**Dataset**
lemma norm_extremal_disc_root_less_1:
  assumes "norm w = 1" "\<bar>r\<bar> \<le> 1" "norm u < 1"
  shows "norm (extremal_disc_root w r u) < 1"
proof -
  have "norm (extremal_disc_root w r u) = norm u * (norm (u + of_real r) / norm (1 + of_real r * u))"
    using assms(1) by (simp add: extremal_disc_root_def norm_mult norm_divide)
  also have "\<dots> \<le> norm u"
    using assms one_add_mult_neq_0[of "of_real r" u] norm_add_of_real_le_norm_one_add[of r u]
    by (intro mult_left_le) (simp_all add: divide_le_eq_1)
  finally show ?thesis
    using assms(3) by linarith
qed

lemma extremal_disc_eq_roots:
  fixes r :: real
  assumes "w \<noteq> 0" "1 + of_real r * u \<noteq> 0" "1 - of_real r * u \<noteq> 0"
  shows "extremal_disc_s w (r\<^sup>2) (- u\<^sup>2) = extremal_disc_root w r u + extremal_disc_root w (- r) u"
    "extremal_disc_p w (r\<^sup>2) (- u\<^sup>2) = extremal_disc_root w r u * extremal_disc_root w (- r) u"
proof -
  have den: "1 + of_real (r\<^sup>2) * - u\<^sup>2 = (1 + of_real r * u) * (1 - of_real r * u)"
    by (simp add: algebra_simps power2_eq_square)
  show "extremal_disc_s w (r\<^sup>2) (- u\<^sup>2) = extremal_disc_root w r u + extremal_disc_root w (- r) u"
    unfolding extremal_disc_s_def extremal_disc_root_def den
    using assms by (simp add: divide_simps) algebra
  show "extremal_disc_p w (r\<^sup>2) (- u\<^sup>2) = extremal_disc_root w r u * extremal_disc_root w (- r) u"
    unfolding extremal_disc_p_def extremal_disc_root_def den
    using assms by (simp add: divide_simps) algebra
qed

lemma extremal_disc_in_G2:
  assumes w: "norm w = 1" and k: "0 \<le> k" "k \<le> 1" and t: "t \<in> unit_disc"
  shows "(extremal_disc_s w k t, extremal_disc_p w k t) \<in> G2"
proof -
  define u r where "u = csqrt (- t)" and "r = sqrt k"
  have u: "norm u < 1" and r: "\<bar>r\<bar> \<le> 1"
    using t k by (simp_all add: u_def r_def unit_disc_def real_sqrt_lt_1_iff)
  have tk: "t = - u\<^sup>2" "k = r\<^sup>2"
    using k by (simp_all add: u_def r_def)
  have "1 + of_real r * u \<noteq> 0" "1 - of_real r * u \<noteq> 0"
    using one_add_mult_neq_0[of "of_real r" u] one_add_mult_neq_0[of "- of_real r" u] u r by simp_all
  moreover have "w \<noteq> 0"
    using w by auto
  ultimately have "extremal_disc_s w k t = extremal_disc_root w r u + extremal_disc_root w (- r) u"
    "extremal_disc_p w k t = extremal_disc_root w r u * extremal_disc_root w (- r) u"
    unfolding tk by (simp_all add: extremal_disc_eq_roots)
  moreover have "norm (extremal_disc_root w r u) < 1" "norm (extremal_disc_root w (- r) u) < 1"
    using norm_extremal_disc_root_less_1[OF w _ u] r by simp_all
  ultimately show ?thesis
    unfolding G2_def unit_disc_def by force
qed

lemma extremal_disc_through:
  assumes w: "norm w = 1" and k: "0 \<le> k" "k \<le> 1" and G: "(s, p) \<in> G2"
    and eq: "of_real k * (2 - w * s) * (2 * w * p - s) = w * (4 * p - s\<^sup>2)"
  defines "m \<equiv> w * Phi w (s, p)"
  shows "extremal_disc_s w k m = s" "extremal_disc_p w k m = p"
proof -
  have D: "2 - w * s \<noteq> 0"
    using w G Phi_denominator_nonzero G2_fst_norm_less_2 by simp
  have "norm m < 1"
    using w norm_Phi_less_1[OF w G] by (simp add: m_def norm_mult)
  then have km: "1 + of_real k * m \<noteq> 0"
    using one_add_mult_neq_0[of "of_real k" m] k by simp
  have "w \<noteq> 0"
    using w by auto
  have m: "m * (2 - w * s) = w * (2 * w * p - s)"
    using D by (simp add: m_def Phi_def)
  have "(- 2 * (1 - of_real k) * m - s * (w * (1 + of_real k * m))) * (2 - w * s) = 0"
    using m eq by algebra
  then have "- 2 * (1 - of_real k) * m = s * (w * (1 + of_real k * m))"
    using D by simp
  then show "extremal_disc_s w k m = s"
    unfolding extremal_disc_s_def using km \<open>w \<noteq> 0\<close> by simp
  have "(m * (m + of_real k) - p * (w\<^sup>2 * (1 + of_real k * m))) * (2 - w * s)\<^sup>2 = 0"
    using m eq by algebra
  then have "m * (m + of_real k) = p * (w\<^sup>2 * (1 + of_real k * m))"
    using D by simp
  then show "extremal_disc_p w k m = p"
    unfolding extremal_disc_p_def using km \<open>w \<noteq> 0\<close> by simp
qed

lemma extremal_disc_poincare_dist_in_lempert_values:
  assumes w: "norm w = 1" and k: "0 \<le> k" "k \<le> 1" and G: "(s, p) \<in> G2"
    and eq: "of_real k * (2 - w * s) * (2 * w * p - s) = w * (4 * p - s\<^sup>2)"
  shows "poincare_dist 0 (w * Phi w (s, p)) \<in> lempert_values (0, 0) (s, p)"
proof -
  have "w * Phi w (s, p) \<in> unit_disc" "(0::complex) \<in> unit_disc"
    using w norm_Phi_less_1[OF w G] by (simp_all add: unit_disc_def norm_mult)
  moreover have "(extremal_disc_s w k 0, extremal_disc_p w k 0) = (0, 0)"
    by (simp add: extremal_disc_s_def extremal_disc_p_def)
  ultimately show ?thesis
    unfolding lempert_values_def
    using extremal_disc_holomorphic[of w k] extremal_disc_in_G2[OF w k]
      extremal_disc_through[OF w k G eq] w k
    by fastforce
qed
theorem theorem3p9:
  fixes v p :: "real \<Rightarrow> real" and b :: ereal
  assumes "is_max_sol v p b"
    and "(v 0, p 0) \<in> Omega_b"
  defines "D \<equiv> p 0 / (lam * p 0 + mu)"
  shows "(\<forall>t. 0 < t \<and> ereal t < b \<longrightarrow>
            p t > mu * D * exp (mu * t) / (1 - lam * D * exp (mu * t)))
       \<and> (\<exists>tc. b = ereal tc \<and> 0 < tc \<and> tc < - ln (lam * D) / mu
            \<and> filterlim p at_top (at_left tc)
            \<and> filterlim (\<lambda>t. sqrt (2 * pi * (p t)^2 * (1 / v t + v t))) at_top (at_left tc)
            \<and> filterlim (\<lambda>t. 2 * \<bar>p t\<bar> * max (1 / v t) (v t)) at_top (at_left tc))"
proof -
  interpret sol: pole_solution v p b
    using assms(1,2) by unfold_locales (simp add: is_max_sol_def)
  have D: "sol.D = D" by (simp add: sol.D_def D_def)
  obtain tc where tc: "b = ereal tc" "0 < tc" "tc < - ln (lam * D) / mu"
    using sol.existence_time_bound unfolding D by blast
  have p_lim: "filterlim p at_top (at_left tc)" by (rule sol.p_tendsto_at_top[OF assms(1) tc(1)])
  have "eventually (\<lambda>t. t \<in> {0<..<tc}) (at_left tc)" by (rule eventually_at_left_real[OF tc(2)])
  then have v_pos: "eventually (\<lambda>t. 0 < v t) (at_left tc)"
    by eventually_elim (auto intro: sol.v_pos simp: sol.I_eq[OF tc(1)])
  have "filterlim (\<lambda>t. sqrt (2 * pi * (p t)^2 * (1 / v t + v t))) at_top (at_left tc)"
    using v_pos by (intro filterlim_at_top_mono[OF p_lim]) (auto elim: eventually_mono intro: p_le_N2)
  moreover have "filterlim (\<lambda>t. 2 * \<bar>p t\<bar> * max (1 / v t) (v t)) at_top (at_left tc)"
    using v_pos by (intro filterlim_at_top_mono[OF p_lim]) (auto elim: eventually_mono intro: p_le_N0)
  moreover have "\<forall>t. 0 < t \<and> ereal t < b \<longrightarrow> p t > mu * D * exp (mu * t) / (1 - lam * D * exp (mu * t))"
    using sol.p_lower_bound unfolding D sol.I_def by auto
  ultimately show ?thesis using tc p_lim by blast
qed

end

**Task to complete**
Search the entries for the word "ultimately", then copy every line in which it is found.

**Answer space**
  ultimately have "extremal_disc_s w k t = extremal_disc_root w r u + extremal_disc_root w (- r) u"
  ultimately show ?thesis
  ultimately show ?thesis
  ultimately show ?thesis using tc p_lim by blast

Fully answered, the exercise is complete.